> [What the task asks] From the entries below, please output exactly the lines starting at the one containing "gamma_i and (i, False)" and ending at the one containing "then ys else", both included.

[Extracted records]
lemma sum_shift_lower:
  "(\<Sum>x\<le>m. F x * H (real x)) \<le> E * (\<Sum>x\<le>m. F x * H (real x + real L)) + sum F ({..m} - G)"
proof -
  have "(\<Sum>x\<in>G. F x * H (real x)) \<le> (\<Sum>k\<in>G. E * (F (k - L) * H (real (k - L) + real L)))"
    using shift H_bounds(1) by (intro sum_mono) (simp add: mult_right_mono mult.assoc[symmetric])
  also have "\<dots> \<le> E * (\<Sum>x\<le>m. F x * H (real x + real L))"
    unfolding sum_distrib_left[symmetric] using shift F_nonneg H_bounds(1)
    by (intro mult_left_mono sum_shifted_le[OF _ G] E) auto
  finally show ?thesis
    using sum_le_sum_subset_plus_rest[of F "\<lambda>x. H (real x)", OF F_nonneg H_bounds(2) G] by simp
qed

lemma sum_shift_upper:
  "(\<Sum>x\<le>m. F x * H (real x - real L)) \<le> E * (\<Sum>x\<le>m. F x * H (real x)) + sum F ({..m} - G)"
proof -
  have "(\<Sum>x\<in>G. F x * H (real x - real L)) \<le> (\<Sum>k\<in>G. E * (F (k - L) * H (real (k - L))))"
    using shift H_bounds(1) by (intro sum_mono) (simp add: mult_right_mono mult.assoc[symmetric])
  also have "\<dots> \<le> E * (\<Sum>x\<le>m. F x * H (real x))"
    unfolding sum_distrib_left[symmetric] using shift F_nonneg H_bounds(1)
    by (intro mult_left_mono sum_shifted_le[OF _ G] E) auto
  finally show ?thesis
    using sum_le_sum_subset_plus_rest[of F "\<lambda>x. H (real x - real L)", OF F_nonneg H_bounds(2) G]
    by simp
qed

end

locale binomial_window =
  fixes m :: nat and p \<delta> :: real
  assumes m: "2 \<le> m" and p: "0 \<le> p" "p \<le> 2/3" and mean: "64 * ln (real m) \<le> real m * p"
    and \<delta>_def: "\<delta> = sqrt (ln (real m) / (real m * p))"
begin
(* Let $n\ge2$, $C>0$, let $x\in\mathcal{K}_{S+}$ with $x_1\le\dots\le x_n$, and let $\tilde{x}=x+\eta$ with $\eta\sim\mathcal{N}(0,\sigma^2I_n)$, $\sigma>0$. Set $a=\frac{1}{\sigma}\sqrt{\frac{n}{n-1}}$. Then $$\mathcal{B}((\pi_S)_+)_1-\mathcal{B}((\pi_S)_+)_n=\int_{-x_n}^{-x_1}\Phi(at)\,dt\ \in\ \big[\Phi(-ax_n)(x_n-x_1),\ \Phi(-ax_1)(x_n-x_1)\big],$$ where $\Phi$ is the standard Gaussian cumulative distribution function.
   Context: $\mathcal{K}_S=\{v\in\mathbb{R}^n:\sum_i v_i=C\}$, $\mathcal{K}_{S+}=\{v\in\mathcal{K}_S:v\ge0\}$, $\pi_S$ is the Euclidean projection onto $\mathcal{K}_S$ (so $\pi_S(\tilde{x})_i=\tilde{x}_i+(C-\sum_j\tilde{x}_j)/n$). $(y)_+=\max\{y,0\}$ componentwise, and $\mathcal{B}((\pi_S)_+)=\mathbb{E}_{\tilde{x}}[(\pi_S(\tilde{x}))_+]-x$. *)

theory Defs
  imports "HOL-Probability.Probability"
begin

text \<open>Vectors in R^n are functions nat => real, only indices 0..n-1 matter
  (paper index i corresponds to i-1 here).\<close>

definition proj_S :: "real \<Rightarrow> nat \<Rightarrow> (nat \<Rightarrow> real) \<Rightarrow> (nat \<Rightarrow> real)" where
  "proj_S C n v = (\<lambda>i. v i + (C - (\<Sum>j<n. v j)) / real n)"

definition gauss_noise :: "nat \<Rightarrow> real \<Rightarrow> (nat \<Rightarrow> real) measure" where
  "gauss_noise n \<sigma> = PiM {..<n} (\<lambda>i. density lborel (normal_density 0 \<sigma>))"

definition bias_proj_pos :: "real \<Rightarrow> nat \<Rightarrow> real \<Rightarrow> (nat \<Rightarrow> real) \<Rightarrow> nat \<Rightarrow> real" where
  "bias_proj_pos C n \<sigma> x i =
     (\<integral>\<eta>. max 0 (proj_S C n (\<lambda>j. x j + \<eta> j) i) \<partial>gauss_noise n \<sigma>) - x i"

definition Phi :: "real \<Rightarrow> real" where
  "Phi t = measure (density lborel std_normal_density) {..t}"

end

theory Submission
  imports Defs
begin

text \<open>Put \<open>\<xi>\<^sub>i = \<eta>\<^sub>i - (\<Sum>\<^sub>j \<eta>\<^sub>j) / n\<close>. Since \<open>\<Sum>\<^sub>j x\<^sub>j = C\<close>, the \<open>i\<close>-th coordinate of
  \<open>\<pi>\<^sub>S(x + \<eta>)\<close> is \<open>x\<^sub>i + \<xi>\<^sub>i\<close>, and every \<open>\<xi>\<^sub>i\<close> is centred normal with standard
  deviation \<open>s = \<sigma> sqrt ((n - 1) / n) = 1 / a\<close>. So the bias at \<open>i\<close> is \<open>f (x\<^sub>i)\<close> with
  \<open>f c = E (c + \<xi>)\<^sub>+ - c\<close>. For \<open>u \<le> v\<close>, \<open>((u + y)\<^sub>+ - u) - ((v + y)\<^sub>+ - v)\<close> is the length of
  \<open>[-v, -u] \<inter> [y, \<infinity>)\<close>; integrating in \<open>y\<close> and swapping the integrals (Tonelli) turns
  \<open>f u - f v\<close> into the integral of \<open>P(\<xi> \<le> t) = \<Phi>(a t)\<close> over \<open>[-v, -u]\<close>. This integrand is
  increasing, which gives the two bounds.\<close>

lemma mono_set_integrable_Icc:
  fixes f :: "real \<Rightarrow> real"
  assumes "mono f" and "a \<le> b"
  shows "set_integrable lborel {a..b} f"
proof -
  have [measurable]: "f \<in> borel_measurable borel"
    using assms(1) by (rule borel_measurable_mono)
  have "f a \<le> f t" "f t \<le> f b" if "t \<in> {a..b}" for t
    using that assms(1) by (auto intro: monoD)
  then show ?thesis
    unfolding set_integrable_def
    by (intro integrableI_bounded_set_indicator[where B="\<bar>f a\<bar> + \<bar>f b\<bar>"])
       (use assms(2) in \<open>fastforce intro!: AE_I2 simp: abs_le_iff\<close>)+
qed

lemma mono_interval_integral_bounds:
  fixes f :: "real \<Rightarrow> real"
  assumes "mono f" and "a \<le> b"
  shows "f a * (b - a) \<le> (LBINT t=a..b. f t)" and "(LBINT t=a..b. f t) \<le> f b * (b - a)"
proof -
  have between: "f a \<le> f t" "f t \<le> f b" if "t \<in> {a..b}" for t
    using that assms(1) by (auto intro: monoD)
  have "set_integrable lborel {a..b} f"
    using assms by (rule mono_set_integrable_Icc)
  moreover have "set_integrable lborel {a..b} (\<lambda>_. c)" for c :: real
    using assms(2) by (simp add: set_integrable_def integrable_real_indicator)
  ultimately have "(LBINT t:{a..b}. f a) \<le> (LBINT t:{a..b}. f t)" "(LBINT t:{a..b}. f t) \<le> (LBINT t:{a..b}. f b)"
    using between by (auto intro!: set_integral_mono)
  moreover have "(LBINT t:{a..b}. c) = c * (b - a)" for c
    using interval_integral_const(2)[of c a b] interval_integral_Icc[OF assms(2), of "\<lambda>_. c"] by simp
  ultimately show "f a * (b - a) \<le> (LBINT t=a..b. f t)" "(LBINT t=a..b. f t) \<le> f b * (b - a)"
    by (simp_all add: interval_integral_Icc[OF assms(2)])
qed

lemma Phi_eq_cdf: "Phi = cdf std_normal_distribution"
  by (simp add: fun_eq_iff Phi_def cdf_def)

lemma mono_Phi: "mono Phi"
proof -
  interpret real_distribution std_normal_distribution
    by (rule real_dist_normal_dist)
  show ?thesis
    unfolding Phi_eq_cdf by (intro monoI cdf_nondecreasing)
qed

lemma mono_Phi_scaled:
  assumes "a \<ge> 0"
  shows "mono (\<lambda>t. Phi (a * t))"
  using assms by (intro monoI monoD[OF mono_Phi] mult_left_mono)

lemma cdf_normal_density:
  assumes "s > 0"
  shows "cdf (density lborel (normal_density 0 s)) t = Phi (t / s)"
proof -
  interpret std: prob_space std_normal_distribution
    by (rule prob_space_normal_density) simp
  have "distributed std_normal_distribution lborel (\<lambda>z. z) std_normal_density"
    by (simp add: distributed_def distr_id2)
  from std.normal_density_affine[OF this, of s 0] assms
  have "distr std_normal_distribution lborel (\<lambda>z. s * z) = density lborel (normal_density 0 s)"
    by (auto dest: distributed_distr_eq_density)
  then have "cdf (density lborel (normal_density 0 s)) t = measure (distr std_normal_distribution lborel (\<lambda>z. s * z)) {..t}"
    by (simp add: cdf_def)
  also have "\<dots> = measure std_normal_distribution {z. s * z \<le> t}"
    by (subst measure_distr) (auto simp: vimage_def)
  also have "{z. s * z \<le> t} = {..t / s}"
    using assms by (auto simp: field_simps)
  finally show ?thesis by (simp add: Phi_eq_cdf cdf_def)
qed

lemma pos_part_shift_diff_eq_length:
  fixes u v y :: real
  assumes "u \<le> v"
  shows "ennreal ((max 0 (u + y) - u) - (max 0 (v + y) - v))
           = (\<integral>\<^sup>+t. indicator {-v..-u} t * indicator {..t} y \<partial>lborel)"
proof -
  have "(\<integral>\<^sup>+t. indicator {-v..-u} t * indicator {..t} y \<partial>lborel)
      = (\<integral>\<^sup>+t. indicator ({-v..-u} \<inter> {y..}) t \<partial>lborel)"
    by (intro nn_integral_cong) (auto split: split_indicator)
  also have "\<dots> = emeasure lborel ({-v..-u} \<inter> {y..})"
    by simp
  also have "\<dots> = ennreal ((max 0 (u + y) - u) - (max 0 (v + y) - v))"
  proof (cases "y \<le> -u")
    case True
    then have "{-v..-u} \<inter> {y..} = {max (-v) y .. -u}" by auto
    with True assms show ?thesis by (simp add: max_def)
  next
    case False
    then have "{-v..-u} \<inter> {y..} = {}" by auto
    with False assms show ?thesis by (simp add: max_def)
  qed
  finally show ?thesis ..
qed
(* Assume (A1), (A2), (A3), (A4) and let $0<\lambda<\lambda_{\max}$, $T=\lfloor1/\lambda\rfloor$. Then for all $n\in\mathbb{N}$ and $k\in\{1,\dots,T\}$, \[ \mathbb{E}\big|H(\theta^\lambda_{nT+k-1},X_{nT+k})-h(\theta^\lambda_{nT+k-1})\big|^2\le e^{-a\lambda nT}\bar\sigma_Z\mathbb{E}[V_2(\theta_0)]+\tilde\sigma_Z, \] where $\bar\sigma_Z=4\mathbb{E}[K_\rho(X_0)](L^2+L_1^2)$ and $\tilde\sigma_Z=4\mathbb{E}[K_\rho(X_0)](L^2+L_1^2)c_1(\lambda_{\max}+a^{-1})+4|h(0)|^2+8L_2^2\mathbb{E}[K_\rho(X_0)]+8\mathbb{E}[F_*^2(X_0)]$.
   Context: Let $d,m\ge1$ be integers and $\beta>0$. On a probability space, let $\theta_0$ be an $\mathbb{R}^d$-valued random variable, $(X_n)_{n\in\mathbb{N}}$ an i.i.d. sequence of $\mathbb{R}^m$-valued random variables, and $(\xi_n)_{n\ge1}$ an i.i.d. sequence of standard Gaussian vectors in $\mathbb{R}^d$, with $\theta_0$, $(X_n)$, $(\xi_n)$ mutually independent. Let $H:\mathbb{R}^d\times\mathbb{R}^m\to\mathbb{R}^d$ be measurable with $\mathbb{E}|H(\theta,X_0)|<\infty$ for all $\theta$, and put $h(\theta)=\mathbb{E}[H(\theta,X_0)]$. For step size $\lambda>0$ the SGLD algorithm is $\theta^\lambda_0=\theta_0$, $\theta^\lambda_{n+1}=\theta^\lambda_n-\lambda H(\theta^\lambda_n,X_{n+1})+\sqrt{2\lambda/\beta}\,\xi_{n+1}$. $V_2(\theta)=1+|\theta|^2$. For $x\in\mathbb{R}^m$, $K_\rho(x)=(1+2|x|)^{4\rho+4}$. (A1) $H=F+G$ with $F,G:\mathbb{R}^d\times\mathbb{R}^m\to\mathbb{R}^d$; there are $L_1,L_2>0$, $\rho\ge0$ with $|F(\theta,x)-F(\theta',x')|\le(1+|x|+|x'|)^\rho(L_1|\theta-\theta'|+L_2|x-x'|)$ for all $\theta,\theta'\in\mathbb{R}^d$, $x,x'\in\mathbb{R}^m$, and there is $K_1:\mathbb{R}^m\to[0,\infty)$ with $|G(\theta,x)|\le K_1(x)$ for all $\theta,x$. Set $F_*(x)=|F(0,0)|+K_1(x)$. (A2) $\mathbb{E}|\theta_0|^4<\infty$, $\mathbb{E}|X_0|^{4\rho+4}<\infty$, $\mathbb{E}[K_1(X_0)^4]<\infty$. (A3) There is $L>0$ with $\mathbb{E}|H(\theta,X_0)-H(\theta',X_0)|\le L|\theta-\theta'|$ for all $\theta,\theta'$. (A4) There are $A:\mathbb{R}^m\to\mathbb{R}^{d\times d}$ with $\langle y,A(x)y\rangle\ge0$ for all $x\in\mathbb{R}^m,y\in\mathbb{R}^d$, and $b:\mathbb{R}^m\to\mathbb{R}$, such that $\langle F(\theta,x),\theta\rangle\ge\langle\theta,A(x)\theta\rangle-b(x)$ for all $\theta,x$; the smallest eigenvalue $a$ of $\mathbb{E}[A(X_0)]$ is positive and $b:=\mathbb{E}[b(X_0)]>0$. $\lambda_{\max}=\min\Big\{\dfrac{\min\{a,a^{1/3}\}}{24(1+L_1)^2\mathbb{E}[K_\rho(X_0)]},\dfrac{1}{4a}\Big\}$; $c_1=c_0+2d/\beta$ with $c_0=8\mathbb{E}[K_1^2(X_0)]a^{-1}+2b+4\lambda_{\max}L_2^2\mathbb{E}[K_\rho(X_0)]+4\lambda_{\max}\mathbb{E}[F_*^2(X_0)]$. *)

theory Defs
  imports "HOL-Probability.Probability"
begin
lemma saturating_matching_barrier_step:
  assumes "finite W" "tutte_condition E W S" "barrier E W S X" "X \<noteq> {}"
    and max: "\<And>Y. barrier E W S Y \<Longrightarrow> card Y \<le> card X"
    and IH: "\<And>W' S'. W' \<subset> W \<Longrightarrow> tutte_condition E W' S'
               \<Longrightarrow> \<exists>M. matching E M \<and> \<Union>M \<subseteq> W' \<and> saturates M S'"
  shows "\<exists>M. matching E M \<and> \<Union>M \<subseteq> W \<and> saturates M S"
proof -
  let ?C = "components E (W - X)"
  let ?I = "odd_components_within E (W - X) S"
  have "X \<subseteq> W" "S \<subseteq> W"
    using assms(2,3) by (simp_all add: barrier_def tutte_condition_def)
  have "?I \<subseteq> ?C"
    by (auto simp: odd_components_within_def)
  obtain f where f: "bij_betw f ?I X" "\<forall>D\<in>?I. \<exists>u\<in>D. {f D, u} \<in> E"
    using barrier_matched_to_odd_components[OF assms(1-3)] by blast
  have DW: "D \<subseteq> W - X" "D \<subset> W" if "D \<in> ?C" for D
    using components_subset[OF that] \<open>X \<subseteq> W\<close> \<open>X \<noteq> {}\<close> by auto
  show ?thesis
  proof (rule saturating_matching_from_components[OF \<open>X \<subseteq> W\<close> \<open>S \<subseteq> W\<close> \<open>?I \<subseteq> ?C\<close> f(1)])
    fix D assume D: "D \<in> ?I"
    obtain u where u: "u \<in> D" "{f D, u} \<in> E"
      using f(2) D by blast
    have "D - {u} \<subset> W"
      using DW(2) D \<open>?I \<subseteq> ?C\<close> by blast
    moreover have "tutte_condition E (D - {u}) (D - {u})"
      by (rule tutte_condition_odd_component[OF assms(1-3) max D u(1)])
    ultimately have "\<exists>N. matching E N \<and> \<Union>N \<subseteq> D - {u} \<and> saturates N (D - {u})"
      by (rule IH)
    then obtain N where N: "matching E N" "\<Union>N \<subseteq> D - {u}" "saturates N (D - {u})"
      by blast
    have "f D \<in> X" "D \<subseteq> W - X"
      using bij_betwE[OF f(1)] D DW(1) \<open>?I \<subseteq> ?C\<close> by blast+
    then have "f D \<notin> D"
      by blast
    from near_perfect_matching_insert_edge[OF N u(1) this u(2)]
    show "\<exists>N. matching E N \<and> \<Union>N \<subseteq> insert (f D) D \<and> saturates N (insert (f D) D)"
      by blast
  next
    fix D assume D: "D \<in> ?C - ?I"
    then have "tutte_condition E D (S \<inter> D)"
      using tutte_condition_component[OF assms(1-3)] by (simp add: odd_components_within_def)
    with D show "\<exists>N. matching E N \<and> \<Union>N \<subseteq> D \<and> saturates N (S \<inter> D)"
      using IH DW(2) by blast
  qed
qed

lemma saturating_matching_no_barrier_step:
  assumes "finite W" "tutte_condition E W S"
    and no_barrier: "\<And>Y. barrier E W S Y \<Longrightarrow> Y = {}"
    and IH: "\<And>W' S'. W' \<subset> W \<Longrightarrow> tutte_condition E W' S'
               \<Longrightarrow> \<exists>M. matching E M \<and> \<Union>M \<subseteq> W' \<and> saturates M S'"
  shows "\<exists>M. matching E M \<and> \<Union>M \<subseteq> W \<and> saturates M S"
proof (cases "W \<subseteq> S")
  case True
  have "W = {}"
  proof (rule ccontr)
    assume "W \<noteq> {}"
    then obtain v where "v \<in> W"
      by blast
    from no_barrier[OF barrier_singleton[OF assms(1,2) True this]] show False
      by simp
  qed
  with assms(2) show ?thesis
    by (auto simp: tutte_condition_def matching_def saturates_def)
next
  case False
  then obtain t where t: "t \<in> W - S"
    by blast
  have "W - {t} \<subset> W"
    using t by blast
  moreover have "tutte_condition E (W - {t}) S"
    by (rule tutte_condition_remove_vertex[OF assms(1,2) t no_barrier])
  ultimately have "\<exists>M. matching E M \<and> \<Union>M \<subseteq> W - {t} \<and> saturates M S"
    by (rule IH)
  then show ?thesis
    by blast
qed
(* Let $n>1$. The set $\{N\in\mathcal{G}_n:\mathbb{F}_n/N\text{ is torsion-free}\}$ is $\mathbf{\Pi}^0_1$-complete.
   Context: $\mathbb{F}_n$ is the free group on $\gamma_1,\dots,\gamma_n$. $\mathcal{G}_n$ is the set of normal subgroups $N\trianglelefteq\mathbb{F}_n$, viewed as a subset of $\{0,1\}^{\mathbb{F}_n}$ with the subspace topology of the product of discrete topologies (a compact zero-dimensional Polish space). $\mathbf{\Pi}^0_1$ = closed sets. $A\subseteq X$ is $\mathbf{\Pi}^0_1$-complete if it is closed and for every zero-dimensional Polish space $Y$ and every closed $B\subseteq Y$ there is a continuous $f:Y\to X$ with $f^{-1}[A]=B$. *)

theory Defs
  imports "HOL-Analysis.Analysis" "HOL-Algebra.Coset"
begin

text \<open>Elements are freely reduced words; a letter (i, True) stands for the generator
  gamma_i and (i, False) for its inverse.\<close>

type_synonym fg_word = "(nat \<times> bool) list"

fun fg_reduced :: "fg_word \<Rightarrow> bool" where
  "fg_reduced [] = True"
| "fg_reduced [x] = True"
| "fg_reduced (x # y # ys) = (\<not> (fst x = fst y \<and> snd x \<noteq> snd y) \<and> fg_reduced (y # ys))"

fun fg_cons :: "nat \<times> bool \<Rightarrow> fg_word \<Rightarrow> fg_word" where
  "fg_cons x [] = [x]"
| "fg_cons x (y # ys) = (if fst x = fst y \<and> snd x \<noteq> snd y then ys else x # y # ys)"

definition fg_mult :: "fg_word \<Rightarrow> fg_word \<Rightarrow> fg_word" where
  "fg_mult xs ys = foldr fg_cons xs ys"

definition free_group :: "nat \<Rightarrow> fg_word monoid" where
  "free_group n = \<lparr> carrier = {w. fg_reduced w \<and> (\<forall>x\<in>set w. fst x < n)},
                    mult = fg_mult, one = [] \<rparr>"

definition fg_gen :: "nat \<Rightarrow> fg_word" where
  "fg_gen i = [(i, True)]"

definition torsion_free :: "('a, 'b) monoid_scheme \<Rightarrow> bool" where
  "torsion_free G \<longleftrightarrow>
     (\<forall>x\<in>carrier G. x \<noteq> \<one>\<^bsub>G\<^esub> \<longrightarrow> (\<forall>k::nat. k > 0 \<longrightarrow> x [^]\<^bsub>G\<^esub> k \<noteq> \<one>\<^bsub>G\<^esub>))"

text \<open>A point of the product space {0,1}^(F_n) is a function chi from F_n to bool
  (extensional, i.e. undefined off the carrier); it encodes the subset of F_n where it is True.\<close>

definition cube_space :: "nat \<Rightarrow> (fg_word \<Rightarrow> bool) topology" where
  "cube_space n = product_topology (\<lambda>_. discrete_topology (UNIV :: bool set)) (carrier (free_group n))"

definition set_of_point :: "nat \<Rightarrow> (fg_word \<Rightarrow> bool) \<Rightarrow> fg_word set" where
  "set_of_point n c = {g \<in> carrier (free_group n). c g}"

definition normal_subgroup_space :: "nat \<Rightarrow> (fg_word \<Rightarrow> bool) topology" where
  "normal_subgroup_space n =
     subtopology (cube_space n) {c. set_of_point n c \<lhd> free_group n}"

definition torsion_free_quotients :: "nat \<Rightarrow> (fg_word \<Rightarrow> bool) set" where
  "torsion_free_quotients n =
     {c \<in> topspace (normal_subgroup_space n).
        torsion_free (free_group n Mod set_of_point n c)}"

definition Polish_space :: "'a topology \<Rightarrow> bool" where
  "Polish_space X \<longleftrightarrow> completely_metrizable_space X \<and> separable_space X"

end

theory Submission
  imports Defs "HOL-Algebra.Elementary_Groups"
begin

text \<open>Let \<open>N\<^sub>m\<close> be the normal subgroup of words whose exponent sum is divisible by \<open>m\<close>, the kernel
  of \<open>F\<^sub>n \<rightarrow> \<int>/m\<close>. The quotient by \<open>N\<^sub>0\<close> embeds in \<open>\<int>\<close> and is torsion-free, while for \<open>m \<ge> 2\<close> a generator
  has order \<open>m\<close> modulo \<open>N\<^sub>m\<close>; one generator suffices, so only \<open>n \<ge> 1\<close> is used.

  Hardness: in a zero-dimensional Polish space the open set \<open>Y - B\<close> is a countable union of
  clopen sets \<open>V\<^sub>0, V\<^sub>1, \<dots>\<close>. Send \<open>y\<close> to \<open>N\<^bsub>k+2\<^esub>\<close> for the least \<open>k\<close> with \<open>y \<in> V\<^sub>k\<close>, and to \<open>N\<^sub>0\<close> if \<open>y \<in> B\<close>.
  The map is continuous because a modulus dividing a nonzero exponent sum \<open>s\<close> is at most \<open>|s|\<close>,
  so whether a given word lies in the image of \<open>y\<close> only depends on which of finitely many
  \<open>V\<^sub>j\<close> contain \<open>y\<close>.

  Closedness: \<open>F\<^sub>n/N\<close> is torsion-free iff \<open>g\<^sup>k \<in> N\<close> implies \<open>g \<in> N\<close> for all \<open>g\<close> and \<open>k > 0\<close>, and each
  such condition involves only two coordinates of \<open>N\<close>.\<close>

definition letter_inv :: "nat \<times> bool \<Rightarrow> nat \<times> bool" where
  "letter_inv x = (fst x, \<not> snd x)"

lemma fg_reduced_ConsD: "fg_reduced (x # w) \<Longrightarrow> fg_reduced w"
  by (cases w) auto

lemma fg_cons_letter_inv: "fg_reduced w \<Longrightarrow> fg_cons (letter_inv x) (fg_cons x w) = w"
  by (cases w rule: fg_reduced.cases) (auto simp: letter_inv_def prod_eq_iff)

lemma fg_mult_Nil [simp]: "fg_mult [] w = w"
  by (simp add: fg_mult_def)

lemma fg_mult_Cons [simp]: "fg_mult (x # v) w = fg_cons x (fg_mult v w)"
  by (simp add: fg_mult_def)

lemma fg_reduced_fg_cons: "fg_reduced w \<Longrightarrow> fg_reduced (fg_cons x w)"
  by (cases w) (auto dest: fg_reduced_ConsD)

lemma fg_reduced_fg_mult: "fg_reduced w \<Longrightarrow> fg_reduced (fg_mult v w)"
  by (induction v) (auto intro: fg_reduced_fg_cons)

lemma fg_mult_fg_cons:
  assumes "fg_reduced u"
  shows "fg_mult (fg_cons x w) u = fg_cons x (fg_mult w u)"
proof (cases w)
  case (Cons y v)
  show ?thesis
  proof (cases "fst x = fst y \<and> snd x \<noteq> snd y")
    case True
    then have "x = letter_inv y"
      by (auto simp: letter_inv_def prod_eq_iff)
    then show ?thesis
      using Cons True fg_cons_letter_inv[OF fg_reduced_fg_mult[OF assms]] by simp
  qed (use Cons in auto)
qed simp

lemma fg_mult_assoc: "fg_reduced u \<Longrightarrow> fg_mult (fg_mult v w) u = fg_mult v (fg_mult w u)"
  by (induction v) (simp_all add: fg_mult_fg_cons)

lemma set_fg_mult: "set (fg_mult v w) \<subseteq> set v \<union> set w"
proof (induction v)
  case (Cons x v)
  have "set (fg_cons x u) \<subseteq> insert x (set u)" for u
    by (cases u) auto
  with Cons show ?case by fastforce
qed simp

> [Exercise response]
  gamma_i and (i, False) for its inverse.\<close>

type_synonym fg_word = "(nat \<times> bool) list"

fun fg_reduced :: "fg_word \<Rightarrow> bool" where
  "fg_reduced [] = True"
| "fg_reduced [x] = True"
| "fg_reduced (x # y # ys) = (\<not> (fst x = fst y \<and> snd x \<noteq> snd y) \<and> fg_reduced (y # ys))"

fun fg_cons :: "nat \<times> bool \<Rightarrow> fg_word \<Rightarrow> fg_word" where
  "fg_cons x [] = [x]"
| "fg_cons x (y # ys) = (if fst x = fst y \<and> snd x \<noteq> snd y then ys else x # y # ys)"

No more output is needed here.